*** Input data ***
(* Let $m,n\geq 0$ be integers. Then \[ \sum_{k=1}^{n}\frac{(q/z;q)_{k}(z;q)_{n-k}(z;q)_m}{(q;q)_k (q;q)_{n-k}(q^k;q)_{m+1}}q^{mk}z^k -\sum_{k=1}^{m}\frac{(q/z;q)_{k}(z;q)_{m-k}(z;q)_n}{(q;q)_k (q;q)_{m-k}(q^k;q)_{n+1}}q^{nk}z^k \] \[ =\frac{(1-zq^{-1})(z;q)_m(z;q)_n}{(q;q)_{m}(q;q)_{n}}\left(\sum_{k=1}^m\frac{q^k}{(1-zq^{k-1})(1-q^k)}-\sum_{k=1}^n\frac{q^k}{(1-zq^{k-1})(1-q^k)}\right). \]
   Context: For $N\geq 0$, $(x;q)_N=(1-x)(1-xq)\cdots(1-xq^{N-1})$ (with $(x;q)_0=1$). The identity is one of rational functions in $q$ and $z$. *)

theory Defs
  imports Main
begin

definition qpoch :: "'a::comm_ring_1 \<Rightarrow> 'a \<Rightarrow> nat \<Rightarrow> 'a" where
  "qpoch x q N = (\<Prod>j<N. (1 - x * q ^ j))"

end

theory Submission
  imports Defs
begin

text \<open>
  Write \<open>A(a,b)\<close> for the first sum of the identity with \<open>(m,n) = (a,b)\<close>. Its summand is a
  q-hypergeometric term; combining its contiguous relations in \<open>a\<close>, \<open>b\<close> and the summation index
  gives, after the sum over \<open>k\<close> telescopes, the three-term recurrence
  \<open>(1 - q^(b+1)) A(a,b+1) - (1 - q^(a+1)) A(a+1,b) - z (q^a - q^b) A(a,b)\<close> = boundary term.
  The corrected sums \<open>Y(a,b) = A(a,b) - (z;q)_a / (q;q)_a \<cdot> A(0,b)\<close> satisfy the same recurrence
  with an inhomogeneity antisymmetric in \<open>(a,b)\<close>, and \<open>Y(0,b) = 0 = Y(b,0)\<close>; induction on \<open>a\<close>
  gives \<open>Y(a,b) = Y(b,a)\<close>. So \<open>A(m,n) - A(n,m)\<close> is expressed through \<open>A(0,n)\<close> and \<open>A(0,m)\<close>,
  and a second telescoping argument gives the closed form of \<open>A(0,b)\<close> as a q-harmonic sum.
\<close>

lemma qpoch_Suc: "qpoch x q (Suc N) = qpoch x q N * (1 - x * q ^ N)"
  by (simp add: qpoch_def)

lemma qpoch_0 [simp]: "qpoch x q 0 = 1"
  by (simp add: qpoch_def)

lemma qpoch_Suc_left: "qpoch x q (Suc N) = (1 - x) * qpoch (x * q) q N"
  unfolding qpoch_def prod.lessThan_Suc_shift by (simp add: mult_ac)

lemma inverse_qpoch_shift:
  fixes x q :: "'a::field"
  assumes "x \<noteq> 1"
  shows "inverse (qpoch (x * q) q N) = (1 - x) * inverse (qpoch x q (Suc N))"
  using assms by (simp add: qpoch_Suc_left)

definition powers_ne_one :: "'a::field \<Rightarrow> nat \<Rightarrow> bool" where
  "powers_ne_one q N \<longleftrightarrow> (\<forall>j\<in>{1..N}. q ^ j \<noteq> 1)"

lemma powers_ne_one_mono: "powers_ne_one q N \<Longrightarrow> M \<le> N \<Longrightarrow> powers_ne_one q M"
  unfolding powers_ne_one_def by auto

lemma powers_ne_oneD: "powers_ne_one q N \<Longrightarrow> 0 < j \<Longrightarrow> j \<le> N \<Longrightarrow> q ^ j \<noteq> 1"
  unfolding powers_ne_one_def by auto

definition A_term :: "'a::field \<Rightarrow> 'a \<Rightarrow> nat \<Rightarrow> nat \<Rightarrow> nat \<Rightarrow> 'a" where
  "A_term q z a b k = qpoch (q / z) q k * qpoch z q (b - k) * qpoch z q a
        / (qpoch q q k * qpoch q q (b - k) * qpoch (q ^ k) q (a + 1)) * q ^ (a * k) * z ^ k"

lemma A_term_Suc_upper:
  assumes "k \<le> b"
  shows "A_term q z a (Suc b) k = A_term q z a b k * (1 - z * q ^ (b - k)) / (1 - q ^ Suc (b - k))"
proof -
  have "Suc b - k = Suc (b - k)" using assms by simp
  then show ?thesis unfolding A_term_def by (simp add: qpoch_Suc mult_ac)
qed

lemma A_term_Suc_exponent:
  "A_term q z (Suc a) b k = A_term q z a b k * (1 - z * q ^ a) * q ^ k / (1 - q ^ (k + Suc a))"
  unfolding A_term_def by (simp add: qpoch_Suc power_add mult_ac)

lemma A_term_Suc_index:
  fixes q z :: "'a::field"
  assumes "k \<le> b" and "q ^ k \<noteq> 1"
  shows "A_term q z a (Suc b) (Suc k)
    = A_term q z a b k * (1 - q ^ Suc k / z) * z * q ^ a * (1 - q ^ k) / ((1 - q ^ Suc k) * (1 - q ^ (k + Suc a)))"
  using assms(1)
  unfolding A_term_def divide_inverse inverse_mult_distrib power_Suc2[of q k] inverse_qpoch_shift[OF assms(2)]
  by (simp add: qpoch_Suc power_add mult_ac)

lemma contiguous_rational_identity:
  fixes q z x y s t :: "'a::field"
  assumes "z \<noteq> 0" "1 - x \<noteq> 0" "1 - q * x \<noteq> 0" "1 - q * y \<noteq> 0" "1 - q * x * s \<noteq> 0"
  shows "(1 - q * x * y) * (t * (1 - z * y) / (1 - q * y)) - (1 - q * s) * (t * (1 - z * s) * x / (1 - q * x * s))
           - z * (s - x * y) * t
    = (1 - x) * (t * (1 - z * y) / (1 - q * y))
      - (1 - q * x) * (t * (1 - q * x / z) * z * s * (1 - x) / ((1 - q * x) * (1 - q * x * s)))"
proof -
  \<comment> \<open>\<open>algebra\<close> cannot use \<open>u \<noteq> 0\<close> and fails on powers with symbolic exponents, hence the
    abstraction \<open>x = q^k\<close>, \<open>y = q^(b-k)\<close>, \<open>s = q^a\<close> and the facts \<open>inverse u * u = 1\<close>.\<close>
  have "inverse z * z = 1" "inverse (1 - x) * (1 - x) = 1" "inverse (1 - q * x) * (1 - q * x) = 1"
    "inverse (1 - q * y) * (1 - q * y) = 1" "inverse (1 - q * x * s) * (1 - q * x * s) = 1"
    using assms by simp_all
  then show ?thesis unfolding divide_inverse inverse_mult_distrib by algebra
qed

lemma A_term_contiguous:
  fixes q z :: "'a::field"
  assumes z: "z \<noteq> 0" and k: "k \<le> b"
    and nz: "q ^ k \<noteq> 1" "q ^ Suc k \<noteq> 1" "q ^ Suc (b - k) \<noteq> 1" "q ^ (k + Suc a) \<noteq> 1"
  shows "(1 - q ^ Suc b) * A_term q z a (Suc b) k - (1 - q ^ Suc a) * A_term q z (Suc a) b k
           - z * (q ^ a - q ^ b) * A_term q z a b k
       = (1 - q ^ k) * A_term q z a (Suc b) k - (1 - q ^ Suc k) * A_term q z a (Suc b) (Suc k)"
proof -
  obtain j where b: "b = k + j" using k le_iff_add by blast
  have pw: "q ^ Suc b = q * q ^ k * q ^ j" "q ^ b = q ^ k * q ^ j" "q ^ Suc k = q * q ^ k"
    "q ^ (k + Suc a) = q * q ^ k * q ^ a" "q ^ Suc a = q * q ^ a" "q ^ Suc j = q * q ^ j" "b - k = j"
    by (simp_all add: b power_add)
  show ?thesis
    unfolding A_term_Suc_upper[OF k] A_term_Suc_exponent A_term_Suc_index[OF k nz(1)] pw
    by (rule contiguous_rational_identity) (use z nz in \<open>simp_all add: b power_add mult.assoc\<close>)
qed

lemma telescope_rational_identity:
  fixes q z x y t :: "'a::field"
  assumes "q \<noteq> 0" "z \<noteq> 0" "x \<noteq> 0" "1 - x \<noteq> 0" "1 - q * x \<noteq> 0" "1 - q * y \<noteq> 0" "1 - q * x * y \<noteq> 0"
  shows "(1 - q * x * y) * (t * (1 - z * y) / (1 - q * y)) - (1 - z * (x * y)) * t
    = - (q * x * y / (q * x) * (1 - q * x)\<^sup>2
          * (t * (1 - q * x / z) * z * (1 - x) / ((1 - q * x) * (1 - q * x))) / (1 - q * x * y))
      - - (q * x * y / x * (1 - x)\<^sup>2 * (t * (1 - z * y) / (1 - q * y)) / (1 - q * x * y))"
proof -
  have "inverse q * q = 1" "inverse z * z = 1" "inverse x * x = 1" "inverse (1 - x) * (1 - x) = 1"
    "inverse (1 - q * x) * (1 - q * x) = 1" "inverse (1 - q * y) * (1 - q * y) = 1"
    "inverse (1 - q * x * y) * (1 - q * x * y) = 1"
    using assms by simp_all
  then show ?thesis unfolding divide_inverse inverse_mult_distrib power2_eq_square by algebra
qed

definition A_zero_telescope :: "'a::field \<Rightarrow> 'a \<Rightarrow> nat \<Rightarrow> nat \<Rightarrow> 'a" where
  "A_zero_telescope q z b k
     = - (q ^ Suc b / q ^ k * (1 - q ^ k)\<^sup>2 * A_term q z 0 (Suc b) k / (1 - q ^ Suc b))"

lemma A_term_zero_telescopes:
  fixes q z :: "'a::field"
  assumes z: "z \<noteq> 0" and q: "q \<noteq> 0" and k: "k \<le> b"
    and nz: "q ^ k \<noteq> 1" "q ^ Suc k \<noteq> 1" "q ^ Suc (b - k) \<noteq> 1" "q ^ Suc b \<noteq> 1"
  shows "(1 - q ^ Suc b) * A_term q z 0 (Suc b) k - (1 - z * q ^ b) * A_term q z 0 b k
       = A_zero_telescope q z b (Suc k) - A_zero_telescope q z b k"
proof -
  obtain j where b: "b = k + j" using k le_iff_add by blast
  have pw: "q ^ Suc b = q * q ^ k * q ^ j" "q ^ b = q ^ k * q ^ j" "q ^ Suc k = q * q ^ k"
    "q ^ (k + Suc 0) = q * q ^ k" "q ^ Suc j = q * q ^ j" "b - k = j"
    by (simp_all add: b power_add)
  show ?thesis
    unfolding A_zero_telescope_def A_term_Suc_upper[OF k] A_term_Suc_index[OF k nz(1)] pw power_0 mult_1_right
    by (rule telescope_rational_identity) (use q z nz in \<open>simp_all add: b power_add mult.assoc\<close>)
qed

lemma A_term_one:
  fixes q z :: "'a::field"
  assumes "z \<noteq> 0"
  shows "A_term q z a b 1
    = (z - q) * q ^ a * qpoch z q a * qpoch z q (b - 1) / ((1 - q) * qpoch q q (Suc a) * qpoch q q (b - 1))"
proof -
  have "qpoch x q 1 = 1 - x" for x :: 'a by (simp add: qpoch_def)
  moreover have "(1 - q / z) * z = z - q" using assms by (simp add: field_simps)
  ultimately show ?thesis by (simp add: A_term_def mult_ac)
qed

definition A_sum :: "'a::field \<Rightarrow> 'a \<Rightarrow> nat \<Rightarrow> nat \<Rightarrow> 'a" where
  "A_sum q z a b = (\<Sum>k=1..b. A_term q z a b k)"

lemma A_sum_contiguous:
  fixes q z :: "'a::field"
  assumes q: "powers_ne_one q (a + b + 1)" and z: "z \<noteq> 0"
  shows "(1 - q ^ Suc b) * A_sum q z a (Suc b) - (1 - q ^ Suc a) * A_sum q z (Suc a) b
           - z * (q ^ a - q ^ b) * A_sum q z a b
       = (z - q) * q ^ a * qpoch z q a * qpoch z q b / (qpoch q q (Suc a) * qpoch q q b)"
proof -
  define g where "g k = - (1 - q ^ k) * A_term q z a (Suc b) k" for k
  have "(\<Sum>k=1..b. (1 - q ^ Suc b) * A_term q z a (Suc b) k - (1 - q ^ Suc a) * A_term q z (Suc a) b k
           - z * (q ^ a - q ^ b) * A_term q z a b k) = (\<Sum>k=1..b. g (Suc k) - g k)"
  proof (rule sum.cong[OF refl])
    fix k assume k: "k \<in> {1..b}"
    then have "q ^ k \<noteq> 1" "q ^ Suc k \<noteq> 1" "q ^ Suc (b - k) \<noteq> 1" "q ^ (k + Suc a) \<noteq> 1"
      by (simp_all add: powers_ne_oneD[OF q] del: power_Suc)
    from A_term_contiguous[OF z _ this] k
    show "(1 - q ^ Suc b) * A_term q z a (Suc b) k - (1 - q ^ Suc a) * A_term q z (Suc a) b k
           - z * (q ^ a - q ^ b) * A_term q z a b k = g (Suc k) - g k"
      unfolding g_def by (simp add: algebra_simps)
  qed
  also have "\<dots> = g (Suc b) - g 1" by (rule sum_Suc_diff) simp
  finally have tele: "(1 - q ^ Suc b) * (A_sum q z a (Suc b) - A_term q z a (Suc b) (Suc b))
      - (1 - q ^ Suc a) * A_sum q z (Suc a) b - z * (q ^ a - q ^ b) * A_sum q z a b
      = g (Suc b) - g 1"
    by (simp add: A_sum_def sum_subtractf sum_distrib_left)
  have "(1 - q ^ Suc b) * A_sum q z a (Suc b) - (1 - q ^ Suc a) * A_sum q z (Suc a) b
           - z * (q ^ a - q ^ b) * A_sum q z a b
      = (g (Suc b) - g 1) + (1 - q ^ Suc b) * A_term q z a (Suc b) (Suc b)"
    unfolding tele[symmetric] by (simp add: algebra_simps)
  also have "\<dots> = (1 - q) * A_term q z a (Suc b) 1"
    unfolding g_def by (simp add: algebra_simps)
  also have "\<dots> = (z - q) * q ^ a * qpoch z q a * qpoch z q b / (qpoch q q (Suc a) * qpoch q q b)"
    using A_term_one[OF z] powers_ne_oneD[OF q, of 1] by simp
  finally show ?thesis .
qed

lemma A_zero_telescope_Suc:
  fixes q z :: "'a::field"
  assumes "q \<noteq> 0" and "q ^ Suc b \<noteq> 1"
  shows "A_zero_telescope q z b (Suc b) = - (1 - q ^ Suc b) * A_term q z 0 (Suc b) (Suc b)"
proof -
  have "1 - q ^ Suc b \<noteq> 0" using assms(2) by simp
  with assms(1) show ?thesis by (simp add: A_zero_telescope_def power2_eq_square field_simps del: power_Suc)
qed

lemma A_zero_telescope_one:
  fixes q z :: "'a::field"
  assumes "z \<noteq> 0" and "q \<noteq> 0" and "q \<noteq> 1"
  shows "A_zero_telescope q z b 1 = (q - z) * q ^ b * qpoch z q b / qpoch q q (Suc b)"
proof -
  define u where "u = q ^ b"
  have "A_term q z 0 (Suc b) 1 = (z - q) * qpoch z q b / ((1 - q) * (1 - q) * qpoch q q b)"
    using A_term_one[OF assms(1), of q 0 "Suc b"] by (simp add: qpoch_Suc)
  moreover have "inverse (1 - q) * (1 - q) = 1" "inverse q * q = 1" using assms(2,3) by simp_all
  ultimately show ?thesis
    unfolding A_zero_telescope_def qpoch_Suc power_Suc power_one_right u_def[symmetric]
      power2_eq_square divide_inverse inverse_mult_distrib
    by algebra
qed
lemma family_independent_iff:
  fixes u :: "'i \<Rightarrow> 'a::real_vector"
  assumes "finite A"
  shows "family_independent A u \<longleftrightarrow> inj_on u A \<and> independent (u ` A)"
proof
  assume indep: "family_independent A u"
  show "inj_on u A \<and> independent (u ` A)"
  proof
    show inj: "inj_on u A"
    proof (rule inj_onI, rule ccontr)
      fix j k assume jk: "j \<in> A" "k \<in> A" "u j = u k" "j \<noteq> k"
      define \<nu> where "\<nu> i = (if i = j then 1 else if i = k then -1 else (0::real))" for i
      have "(\<Sum>i\<in>A. \<nu> i *\<^sub>R u i) = (\<Sum>i\<in>{j, k}. \<nu> i *\<^sub>R u i)"
        using jk by (intro sum.mono_neutral_right) (auto simp: \<nu>_def assms)
      also have "\<dots> = 0" using jk by (simp add: \<nu>_def)
      finally have "\<nu> j = 0" using indep jk(1) unfolding family_independent_def by blast
      then show False by (simp add: \<nu>_def)
    qed
    show "independent (u ` A)"
    proof
      assume "dependent (u ` A)"
      then obtain U where U: "\<exists>v\<in>u ` A. U v \<noteq> 0" "(\<Sum>v\<in>u ` A. U v *\<^sub>R v) = 0"
        using dependent_finite[of "u ` A"] assms by auto
      then have "(\<Sum>j\<in>A. U (u j) *\<^sub>R u j) = 0" by (simp add: sum.reindex[OF inj])
      then show False using indep U(1) by (auto simp: family_independent_def)
    qed
  qed
next
  assume "inj_on u A \<and> independent (u ` A)"
  then have inj: "inj_on u A" and ind: "independent (u ` A)" by auto
  show "family_independent A u"
    unfolding family_independent_def
  proof (intro allI impI ballI)
    fix \<nu> j assume sum0: "(\<Sum>j\<in>A. \<nu> j *\<^sub>R u j) = 0" and j: "j \<in> A"
    define U where "U v = \<nu> (inv_into A u v)" for v
    have "(\<Sum>v\<in>u ` A. U v *\<^sub>R v) = (\<Sum>j\<in>A. \<nu> j *\<^sub>R u j)"
      by (simp add: sum.reindex[OF inj] U_def inv_into_f_f[OF inj])
    then have "\<forall>v\<in>u ` A. U v = 0" using ind sum0 dependent_finite[of "u ` A"] assms by auto
    then show "\<nu> j = 0" using j by (auto simp: U_def inv_into_f_f[OF inj])
  qed
qed
lemma card_clique_le_colours:
  assumes "proper_colouring V E k c" "clique V E K"
  shows "card K \<le> k"
proof -
  have "inj_on c K"
  proof (rule inj_onI)
    fix u v assume "u \<in> K" "v \<in> K" "c u = c v"
    then show "u = v"
      using assms unfolding proper_colouring_def clique_def by blast
  qed
  moreover have "c ` K \<subseteq> {..<k}"
    using assms unfolding proper_colouring_def clique_def by auto
  ultimately show ?thesis
    using card_inj_on_le[of c K "{..<k}"] by simp
qed

lemma chromatic_number_eqI:
  assumes "proper_colouring V E k c" "clique V E K" "card K = k"
  shows "chromatic_number V E = k"
  unfolding chromatic_number_def
proof (rule Least_equality)
  show "\<exists>c. proper_colouring V E k c" using assms(1) by blast
  show "k \<le> m" if colourable: "\<exists>c. proper_colouring V E m c" for m
  proof -
    obtain d where "proper_colouring V E m d" using colourable by blast
    from card_clique_le_colours[OF this assms(2)] show ?thesis using assms(3) by simp
  qed
qed

lemma card_independent_set_le_clique_cover:
  assumes S: "independent_set V E S" and "finite P" "V \<subseteq> \<Union>P"
    and cliques: "\<And>C. C \<in> P \<Longrightarrow> clique V E C"
  shows "card S \<le> card P"
proof -
  have meet: "card (S \<inter> C) \<le> 1" if "C \<in> P" for C
  proof (cases "finite (S \<inter> C)")
    case True
    have "\<forall>u\<in>S \<inter> C. \<forall>v\<in>S \<inter> C. u = v"
      using S cliques[OF that] unfolding independent_set_def clique_def by blast
    then show ?thesis using card_le_Suc0_iff_eq[OF True] by simp
  qed simp
  have "S \<subseteq> \<Union>P"
    using S \<open>V \<subseteq> \<Union>P\<close> unfolding independent_set_def by auto
  then have "S = (\<Union>C\<in>P. S \<inter> C)" by auto
  then have "card S \<le> (\<Sum>C\<in>P. card (S \<inter> C))"
    using card_UN_le[OF \<open>finite P\<close>, of "\<lambda>C. S \<inter> C"] by simp
  also have "\<dots> \<le> (\<Sum>C\<in>P. 1)"
    by (rule sum_mono) (rule meet)
  finally show ?thesis by simp
qed

lemma independence_number_eqI:
  assumes "finite V" "independent_set V E S" "card S = card P"
    and "finite P" "V \<subseteq> \<Union>P" "\<And>C. C \<in> P \<Longrightarrow> clique V E C"
  shows "independence_number V E = card P"
  unfolding independence_number_def
proof (rule Max_eqI)
  have "{S. independent_set V E S} \<subseteq> Pow V"
    unfolding independent_set_def by auto
  then show "finite (card ` {S. independent_set V E S})"
    using \<open>finite V\<close> finite_subset by blast
  show "y \<le> card P" if y: "y \<in> card ` {S. independent_set V E S}" for y
  proof -
    obtain T where "independent_set V E T" "y = card T" using y by blast
    then show ?thesis using card_independent_set_le_clique_cover[OF _ assms(4-6)] by simp
  qed
  show "card P \<in> card ` {S. independent_set V E S}"
    using assms(2,3) by (intro image_eqI[of _ _ S]) simp_all
qed
(* Let $R=\prod_{i=1}^n R_i$ be a finite product of commutative rings. Then $R$ is an avoidance ring if and only if each $R_i$ is an avoidance ring.
   Context: All rings are commutative with $1\neq 0$. An ideal $I$ of a ring $R$ has avoidance if whenever $I_1,\ldots,I_n$ are finitely many ideals of $R$ with $I\subseteq\bigcup_{k=1}^n I_k$, then $I\subseteq I_k$ for some $k$. A ring is an avoidance ring if every ideal of it has avoidance. *)

theory Defs
  imports "HOL-Algebra.Chinese_Remainder"
begin

definition has_avoidance :: "('a, 'b) ring_scheme \<Rightarrow> 'a set \<Rightarrow> bool" where
  "has_avoidance R I \<longleftrightarrow>
     (\<forall>S. finite S \<and> (\<forall>J\<in>S. ideal J R) \<and> I \<subseteq> \<Union>S \<longrightarrow> (\<exists>J\<in>S. I \<subseteq> J))"

definition avoidance_ring :: "('a, 'b) ring_scheme \<Rightarrow> bool" where
  "avoidance_ring R \<longleftrightarrow> (\<forall>I. ideal I R \<longrightarrow> has_avoidance R I)"

end

theory Submission
  imports Defs
begin

text \<open>Avoidance passes to homomorphic images: a cover of an ideal of the image pulls back
along a surjective homomorphism to a cover of the preimage ideal. Applied to the projections,
this gives one direction. Conversely, the idempotents \<open>e\<^sub>i\<close> of the product show that an ideal
contains every element all of whose coordinates are coordinates of its elements. So if \<open>I\<close> is
covered by \<open>J\<^sub>1, \<dots>, J\<^sub>m\<close> but contained in none of them, assign to each \<open>J\<^sub>k\<close> a coordinate \<open>i\<close> where the
projection of \<open>I\<close> is not contained in that of \<open>J\<^sub>k\<close>; avoidance in the \<open>i\<close>-th factor yields a
coordinate of \<open>I\<close> outside all projections assigned to \<open>i\<close>, and assembling these coordinates gives
an element of \<open>I\<close> that lies in no \<open>J\<^sub>k\<close>.\<close>

lemma (in ring_hom_ring) ideal_image_of_surj:
  assumes surj: "h ` carrier R = carrier S" and I: "ideal I R"
  shows "ideal (h ` I) S"
proof -
  interpret I: ideal I R by fact
  show ?thesis
  proof (rule idealI)
    show "subgroup (h ` I) (add_monoid S)"
      by (rule img_is_add_subgroup) (rule I.a_subgroup)
  next
    fix a x assume "a \<in> h ` I" and "x \<in> carrier S"
    then obtain b r where "b \<in> I" "a = h b" "r \<in> carrier R" "x = h r"
      using surj by blast
    then show "x \<otimes>\<^bsub>S\<^esub> a \<in> h ` I" "a \<otimes>\<^bsub>S\<^esub> x \<in> h ` I"
      by (metis I.I_l_closed I.Icarr hom_mult image_eqI, metis I.I_r_closed I.Icarr hom_mult image_eqI)
  qed (rule S.ring_axioms)
qed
*** End of Input data ***
> [Task]: Reply with nothing but the number of lines in the listing that include the string "contained".

> [Solution below]: 2